Chercheur	Marwan Mohamad Al Omari
Année	2019
Titre	Sentiment Analysis for Lebanese Arabizi Customers’ Reviews
Type de mémoire	Mémoire Master 2
Universite	Libanaise
Directeur	Moustafa Al-Hajj
Nombre de pages	(94) pages
Specialité	Traitement Automatique de la Langue

Résumé

Because of the huge amount of data that users generate on the web, it is crucial to build a sentiment analysis tool for the Arabizi language system to recognize feelings associated to these data. We proposed two kinds of approaches based on supervised machine learning (ML) using logistic regression (LR) and the other based on lexicon-based using Science of Language and Communication Semantic Analysis System (SLCSAS) tool. Both approaches have been conducted and tested on a corpus of 2635 public and public services’ reviews, including hotels, restaurants, shops, governmental institutions (municipalities, universities, and offices, etc.) and other categories, collected from Facebook, Google and Zomato platforms. The total reviews of private service sector are 2501, which overrepresent the sample than the rest 134 reviews of public sector.

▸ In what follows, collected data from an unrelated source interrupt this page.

subsection \<open>Convex hulls\<close>

lemma fconvex_convex_sum:
  assumes C: "fconvex C" and "finite S" "S \<noteq> {}"
    and "\<forall>x\<in>S. 0 \<le> u x" "sum u S = 1" "\<forall>x\<in>S. f x \<in> C"
  shows "(\<lambda>i a. \<Sum>x\<in>S. u x * f x i a) \<in> C"
  using assms(2-)
proof (induction S arbitrary: u rule: finite_ne_induct)
  case (singleton x)
  then show ?case by simp
next
  case (insert x F)
  have sF: "sum u F = 1 - u x" and nn: "\<forall>y\<in>F. 0 \<le> u y"
    using insert.prems(1,2) insert.hyps by auto
  show ?case
  proof (cases "u x = 1")
    case True
    then have "\<forall>y\<in>F. u y = 0"
      using sF nn sum_nonneg_eq_0_iff[OF insert.hyps(1)] by auto
    then have "(\<lambda>i a. \<Sum>y\<in>insert x F. u y * f y i a) = f x"
      using insert.hyps True by (simp add: fun_eq_iff)
    then show ?thesis using insert.prems(3) by simp
  next
    case False
    define t where "t = 1 - u x"
    have "0 < t" using False sF sum_nonneg[of F u] nn t_def by simp
    have G: "(\<lambda>i a. \<Sum>y\<in>F. u y / t * f y i a) \<in> C"
      using insert.IH[of "\<lambda>y. u y / t"] insert.prems(3) nn sF \<open>0 < t\<close> t_def
      by (simp add: sum_divide_distrib[symmetric])
    have "0 \<le> u x" "u x \<le> 1" using insert.prems(1) \<open>0 < t\<close> t_def by auto
    then have "(\<lambda>i a. u x * f x i a + (1 - u x) * (\<Sum>y\<in>F. u y / t * f y i a)) \<in> C"
      using C[unfolded fconvex_def, rule_format, OF _ G, of "f x" "u x"] insert.prems(3) by simp
    moreover have "(\<lambda>i a. u x * f x i a + (1 - u x) * (\<Sum>y\<in>F. u y / t * f y i a))
        = (\<lambda>i a. \<Sum>y\<in>insert x F. u y * f y i a)"
      using insert.hyps \<open>0 < t\<close> unfolding t_def[symmetric]
      by (simp add: fun_eq_iff sum_distrib_left)
    ultimately show ?thesis by simp
  qed
qed

lemma pmf_barycentre_in_fconvex_hull:
  assumes "finite (set_pmf P)" "f ` set_pmf P \<subseteq> S"
  shows "(\<lambda>i a. \<Sum>v\<in>set_pmf P. pmf P v * f v i a) \<in> fconvex_hull S"
  unfolding fconvex_hull_def
proof (intro InterI, safe)
  fix C assume "S \<subseteq> C" "fconvex C"
  then show "(\<lambda>i a. \<Sum>v\<in>set_pmf P. pmf P v * f v i a) \<in> C"
    using assms fconvex_convex_sum[OF \<open>fconvex C\<close> assms(1) set_pmf_not_empty, of "pmf P" f]
    by (auto simp: sum_pmf_eq_1)
qed

lemma fconvex_Qpoly_projection: "fconvex {F. \<exists>W. (F, W) \<in> Qpoly A r N}"
  unfolding fconvex_def
proof safe
  fix F1 W1 F2 W2 and u :: real
  assume Q: "(F1, W1) \<in> Qpoly A r N" "(F2, W2) \<in> Qpoly A r N" and u: "0 \<le> u" "u \<le> 1"
  have sum_mix: "(\<Sum>g\<in>X. u * W1 \<rho> g + (1 - u) * W2 \<rho> g)
      = u * sum (W1 \<rho>) X + (1 - u) * sum (W2 \<rho>) X" for X \<rho>
    by (simp add: sum.distrib sum_distrib_left)
  have "(\<lambda>i a. u * F1 i a + (1 - u) * F2 i a, \<lambda>\<rho> g. u * W1 \<rho> g + (1 - u) * W2 \<rho> g)
      \<in> Qpoly A r N"
    using Q u unfolding Qpoly_def mem_Collect_eq case_prod_conv sum_mix
    by (auto intro!: add_nonneg_nonneg mult_nonneg_nonneg)
  then show "\<exists>W. ((\<lambda>i a. u * F1 i a + (1 - u) * F2 i a), W) \<in> Qpoly A r N" by blast
qed

lemma Xi_kernel_code_in_Qpoly:
  fixes A :: "nat \<Rightarrow> nat \<Rightarrow> 'a::{ring,finite}"
  assumes v: "v \<in> kernel_code A r N"
  shows "(Xi N v, \<lambda>\<rho> g. if \<rho> < r \<and> g = zero_outside (row_supp A N \<rho>) v then 1 else 0)
      \<in> Qpoly A r N"
proof -
  have loc: "zero_outside (row_supp A N \<rho>) v \<in> local_code A N \<rho>" if "\<rho> < r" for \<rho>
    using v that by (simp add: zero_outside_in_local_code_iff kernel_code_def)
  have marg: "Xi N v i \<alpha> = (if zero_outside (row_supp A N \<rho>) v \<in> {g \<in> local_code A N \<rho>. g i = \<alpha>}
      then 1 else 0)" if "\<rho> < r" "i \<in> row_supp A N \<rho>" "\<alpha> \<noteq> 0" for \<rho> i \<alpha>
    using loc[OF that(1)] that by (auto simp: zero_outside_def Xi_def xi_def row_supp_def)
  show ?thesis
    unfolding Qpoly_def mem_Collect_eq case_prod_conv
    using loc marg finite_local_code[of A N]
    by (auto simp: Xi_def xi_def sum.delta' simp del: mem_Collect_eq)
qed

lemma fconvex_hull_Xi_subset_Qpoly_projection:
  fixes A :: "nat \<Rightarrow> nat \<Rightarrow> 'a::{ring,finite}"
  shows "fconvex_hull (Xi N ` kernel_code A r N) \<subseteq> {F. \<exists>W. (F, W) \<in> Qpoly A r N}"
  unfolding fconvex_hull_def
  using Xi_kernel_code_in_Qpoly[of _ A r N] fconvex_Qpoly_projection[of A r N]
  by (intro Inter_lower) blast

subsection \<open>Gluing distributions along shared coordinates\<close>

lemma pmf_map_eq_sum_set_pmf:
  assumes "finite (set_pmf P)"
  shows "pmf (map_pmf f P) a = (\<Sum>v\<in>set_pmf P. if f v = a then pmf P v else 0)"
proof -
  have "pmf (map_pmf f P) a = measure_pmf.prob P (f -` {a} \<inter> set_pmf P)"
    by (simp add: pmf_map measure_Int_set_pmf)
  also have "\<dots> = (\<Sum>v\<in>{v \<in> set_pmf P. f v = a}. pmf P v)"
    using assms by (subst measure_measure_pmf_finite) (auto intro!: sum.cong)
  also have "\<dots> = (\<Sum>v\<in>set_pmf P. if f v = a then pmf P v else 0)"
    using assms by (rule sum.inter_filter)
  finally show ?thesis .
qed
lemma vertex_zigzag_Tri_eq_tri_lift:
  assumes three: "\<forall>f\<in>F. card f = 3" and t: "vertex_zigzag (Tri F) t"
    and centres: "\<And>i. \<not> isl (t (3 * i + 2))"
  shows "t = tri_lift (\<lambda>i. projl (t (3 * i + 1)))"
proof -
  note d = vertex_zigzag_distinct[OF t]
  define a where "a i = projl (t (3 * i))" for i
  define b where "b i = projl (t (3 * i + 1))" for i
  define g where "g i = projr (t (3 * i + 2))" for i
  have tri: "triple_at t k \<in> Tri F" for k using vertex_zigzag_triple[OF t] .
  have "isl (t (3 * i)) \<and> isl (t (3 * i + 1))" for i
    using Tri_one_centre[of "t (3 * i + 2)" "t (3 * i)" "t (3 * i + 1)" F] tri[of "3 * i"]
      d(1,2,4)[of "3 * i"] centres[of i]
    by (simp add: triple_at_def insert_commute ac_simps)
  then have ta: "t (3 * i) = Inl (a i)" and tb: "t (3 * i + 1) = Inl (b i)"
    and tg: "t (3 * i + 2) = Inr (g i)" for i
    using centres[of i] by (simp_all add: a_def b_def g_def sum.collapse)
  have face: "g i = {a i, b i, a (i + 1)} \<and> b (i + 1) = a i" for i
  proof -
    have idx: "3 * i + 1 + 1 = 3 * i + 2" "3 * i + 1 + 2 = 3 * i + 3" "3 * i + 2 + 1 = 3 * i + 3"
      "3 * i + 2 + 2 = 3 * i + 4"
      by simp_all
    have succ: "t (3 * i + 3) = Inl (a (i + 1))" "t (3 * i + 4) = Inl (b (i + 1))"
      using ta[of "i + 1"] tb[of "i + 1"] by (simp_all add: algebra_simps)
    have T: "{Inl (a i), Inl (b i), Inr (g i)} \<in> Tri F" "{Inl (b i), Inr (g i), Inl (a (i + 1))} \<in> Tri F"
      "{Inr (g i), Inl (a (i + 1)), Inl (b (i + 1))} \<in> Tri F"
      using tri[of "3 * i"] tri[of "3 * i + 1"] tri[of "3 * i + 2"]
      unfolding triple_at_def idx by (simp_all only: ta tb tg succ)
    have "t (3 * i) \<noteq> t (3 * i + 1)" "t (3 * i + 1) \<noteq> t (3 * i + 3)" "t (3 * i) \<noteq> t (3 * i + 3)"
      "t (3 * i + 1) \<noteq> t (3 * i + 4)" "t (3 * i + 3) \<noteq> t (3 * i + 4)"
      using d(1,3)[of "3 * i"] d(5)[of "3 * i"] d(3)[of "3 * i + 1"] d(1)[of "3 * i + 3"]
      by (simp_all add: add.assoc)
    then show ?thesis using Tri_centre_fan[OF three T] by (simp add: ta tb succ)
  qed
  have "b (i + 1) = a i" "triple_at b i = g i" for i
  proof -
    have "i + 1 + 1 = i + 2" by simp
    then have "b (i + 1) = a i" "b (i + 2) = a (i + 1)" using face[of i] face[of "i + 1"] by metis+
    then show "b (i + 1) = a i" "triple_at b i = g i"
      using face[of i] by (simp_all add: triple_at_def insert_commute)
  qed
  then have "t = tri_lift b" using ta tb tg by (intro tri_lift_eqI) simp_all
  moreover have "(\<lambda>i. projl (t (3 * i + 1))) = b" by (simp add: b_def fun_eq_iff)
  ultimately show ?thesis by simp
qed

lemma zigzag_Tri_shift_lift:
  assumes three: "\<forall>f\<in>F. card f = 3" and w: "zigzag (Tri F) w"
  obtains z k where "zigzag F z" "w = shift k (lift_zigzag z)"
proof -
  let ?t = "vertex_seq w"
  have t: "vertex_zigzag (Tri F) ?t" using vertex_zigzag_vertex_seq[OF card_Tri w] .
  obtain r where r: "\<And>i. \<not> isl (?t (3 * i + r))" using vertex_zigzag_Tri_centres[OF t] by blast
  define t' where "t' = shift (r - 2) ?t"
  define s where "s i = projl (t' (3 * i + 1))" for i
  have t': "vertex_zigzag (Tri F) t'" unfolding t'_def using vertex_zigzag_shift[OF t] .
  have "\<not> isl (t' (3 * i + 2))" for i using r[of i] by (simp add: t'_def)
  then have t'_eq: "t' = tri_lift s"
    using vertex_zigzag_Tri_eq_tri_lift[OF three t'] by (simp add: s_def[abs_def])
  then have s: "vertex_zigzag F s" using vertex_zigzag_of_tri_lift t' by blast
  have "lift_zigzag (edge_seq s) = shift (r - 2) w"
    using lift_zigzag_edge_seq[OF s] edge_seq_vertex_seq[OF card_Tri w]
    by (simp add: t'_eq [symmetric] t'_def edge_seq_shift)
  then have "w = shift (2 - r) (lift_zigzag (edge_seq s))" by simp
  with edge_seq_zigzag[OF three s] that show thesis by blast
qed

section \<open>Zigzags up to shift and reversal\<close>

lemma cyc_class_iff: "u \<in> cyc_class z \<longleftrightarrow> (\<exists>k. u = shift k z)"
  by (auto simp: cyc_class_def shift_def)
lemma trace_Q_coeffs:
  "of_int a = \<gamma> + \<alpha>1 + \<alpha>2"
  "of_int b = - (\<gamma> * \<alpha>1 + \<gamma> * \<alpha>2 + \<alpha>1 * \<alpha>2) - 3"
  "of_int c = \<gamma> * \<alpha>1 * \<alpha>2 + 2 * (\<gamma> + \<alpha>1 + \<alpha>2)"
proof -
  have at_0: "of_int c - 2 * of_int a = \<gamma> * \<alpha>1 * \<alpha>2"
    using trace_Q_factors[of 0] by (simp add: poly_trace_Q)
  moreover have "1 - of_int a - (of_int b + 3) - (of_int c - 2 * of_int a) =
      1 - (\<gamma> + \<alpha>1 + \<alpha>2) + (\<gamma> * \<alpha>1 + \<gamma> * \<alpha>2 + \<alpha>1 * \<alpha>2) - \<gamma> * \<alpha>1 * \<alpha>2"
    "-1 - of_int a + (of_int b + 3) - (of_int c - 2 * of_int a) =
      -1 - (\<gamma> + \<alpha>1 + \<alpha>2) - (\<gamma> * \<alpha>1 + \<gamma> * \<alpha>2 + \<alpha>1 * \<alpha>2) - \<gamma> * \<alpha>1 * \<alpha>2"
    using trace_Q_factors[of 1] trace_Q_factors[of "-1"] by (simp_all add: poly_trace_Q algebra_simps)
  ultimately show a: "of_int a = \<gamma> + \<alpha>1 + \<alpha>2"
    and "of_int b = - (\<gamma> * \<alpha>1 + \<gamma> * \<alpha>2 + \<alpha>1 * \<alpha>2) - 3"
    by linarith+
  from at_0 a show "of_int c = \<gamma> * \<alpha>1 * \<alpha>2 + 2 * (\<gamma> + \<alpha>1 + \<alpha>2)"
    by simp
qed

At first, data of text reviews have been preprocessed and filtered by 1) removing user’s information, 2) transforming texts to lower case, 3) splitting data into 80% training and 20% testing sets, 4) removing reviews with neutral class, and encoding reviews with 0s (negative) and 1s (positive) classes. Then, data feature is considered through BoW and TF*IDF enhanced with word level n-grams dictionary mainly unigrams, bigrams, and trigrams. In SLCSAS, dictionary, grammar rules, and semantic map have been constructed for further implementation. On the other hand, ML models built through the consideration of two phases. The first phase considers the construction of two LR models with default settings set by scikit-learn library. The second phase considers using a pipeline to facilitate the hyperparameter tuning of two other LR classifiers. Finally, the results of the five built classifiers are evaluated in terms of precision, recall, f1-score, confusion matrix, and receive operating characteristics curve.
At last, findings show that both LR models trained through BoW and TF*IDF features with default settings remarked similar results, while the hyperparameter tuning of the LR model trained through TF*IDF has surpassed the one with BoW. Therefore, the best nominated classifier is the hyperparameter tuned TF*IDF LR with word level unigram. In addition, SLCSAS classifier has achieved a competitive result in comparison to ML models but with lower coverage on the test data. The ML models so exceed in performance against lexicon-based classifier.